Recorded data:
(* Suppose $d=1$ and let $\lambda\in\mathbb R$. Then $L,(L^*+\lambda)^2$ is a Leonard pair on $\mathcal P_d(\mathbb R)$ if and only if $2\lambda\neq-1$.
   Context: Let $r,s\in(-1,\infty)$. Write $(x)_i=x(x+1)\cdots(x+i-1)$, $(x)_0=1$. For $0\le i\le d$ put $\theta_i=(d-i)(d-i+r+s+1)$ (distinct) and $\theta^*_i=i$. Put $b^*_i=\frac{(d-i)(i-d-s)(2d-2i+r+s+2)_i}{(2d-2i+r+s)_{i+1}}$ ($0\le i\le d-1$), $c^*_i=\frac{i(i-d-r-1)(d-i+r+s+1)_{d-i}}{(d-i+r+s+2)_{d-i+1}}$ ($1\le i\le d$), $b^*_d=c^*_0=0$, and $a^*_i=\theta^*_0-b^*_i-c^*_i$. Let $\mathcal P_d(\mathbb R)$ be the real polynomials of degree at most $d$, each determined by its values at $\theta_0,\dots,\theta_d$. Let $L,L^*$ be the linear maps on $\mathcal P_d(\mathbb R)$ with $(Lf)(\theta_i)=\theta_i f(\theta_i)$ and $(L^*f)(\theta_i)=b^*_i f(\theta_{i+1})+a^*_i f(\theta_i)+c^*_i f(\theta_{i-1})$ ($0\le i\le d$; terms with coefficient $b^*_d$ or $c^*_0$ omitted); $\lambda$ stands for $\lambda$ times the identity. A square matrix is irreducible tridiagonal if its nonzero entries lie on the diagonal, subdiagonal or superdiagonal and all subdiagonal and superdiagonal entries are nonzero. A Leonard pair on a nonzero finite-dimensional vector space $V$ is an ordered pair $A,A^*$ of linear maps on $V$ such that there is an ordered basis in which $A$ is diagonal and $A^*$ is irreducible tridiagonal, and there is an ordered basis in which $A^*$ is diagonal and $A$ is irreducible tridiagonal. *)

theory Defs
  imports "HOL-Computational_Algebra.Polynomial"
begin

definition th :: "real \<Rightarrow> real \<Rightarrow> nat \<Rightarrow> nat \<Rightarrow> real" where
  "th r s d i = (real d - real i) * (real d - real i + r + s + 1)"

definition ths :: "nat \<Rightarrow> real" where
  "ths i = real i"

Assigned task: Repeat the material in full. Change nothing.

Answer space:
(* Suppose $d=1$ and let $\lambda\in\mathbb R$. Then $L,(L^*+\lambda)^2$ is a Leonard pair on $\mathcal P_d(\mathbb R)$ if and only if $2\lambda\neq-1$.
   Context: Let $r,s\in(-1,\infty)$. Write $(x)_i=x(x+1)\cdots(x+i-1)$, $(x)_0=1$. For $0\le i\le d$ put $\theta_i=(d-i)(d-i+r+s+1)$ (distinct) and $\theta^*_i=i$. Put $b^*_i=\frac{(d-i)(i-d-s)(2d-2i+r+s+2)_i}{(2d-2i+r+s)_{i+1}}$ ($0\le i\le d-1$), $c^*_i=\frac{i(i-d-r-1)(d-i+r+s+1)_{d-i}}{(d-i+r+s+2)_{d-i+1}}$ ($1\le i\le d$), $b^*_d=c^*_0=0$, and $a^*_i=\theta^*_0-b^*_i-c^*_i$. Let $\mathcal P_d(\mathbb R)$ be the real polynomials of degree at most $d$, each determined by its values at $\theta_0,\dots,\theta_d$. Let $L,L^*$ be the linear maps on $\mathcal P_d(\mathbb R)$ with $(Lf)(\theta_i)=\theta_i f(\theta_i)$ and $(L^*f)(\theta_i)=b^*_i f(\theta_{i+1})+a^*_i f(\theta_i)+c^*_i f(\theta_{i-1})$ ($0\le i\le d$; terms with coefficient $b^*_d$ or $c^*_0$ omitted); $\lambda$ stands for $\lambda$ times the identity. A square matrix is irreducible tridiagonal if its nonzero entries lie on the diagonal, subdiagonal or superdiagonal and all subdiagonal and superdiagonal entries are nonzero. A Leonard pair on a nonzero finite-dimensional vector space $V$ is an ordered pair $A,A^*$ of linear maps on $V$ such that there is an ordered basis in which $A$ is diagonal and $A^*$ is irreducible tridiagonal, and there is an ordered basis in which $A^*$ is diagonal and $A$ is irreducible tridiagonal. *)

theory Defs
  imports "HOL-Computational_Algebra.Polynomial"
begin

definition th :: "real \<Rightarrow> real \<Rightarrow> nat \<Rightarrow> nat \<Rightarrow> real" where
  "th r s d i = (real d - real i) * (real d - real i + r + s + 1)"

definition ths :: "nat \<Rightarrow> real" where
  "ths i = real i"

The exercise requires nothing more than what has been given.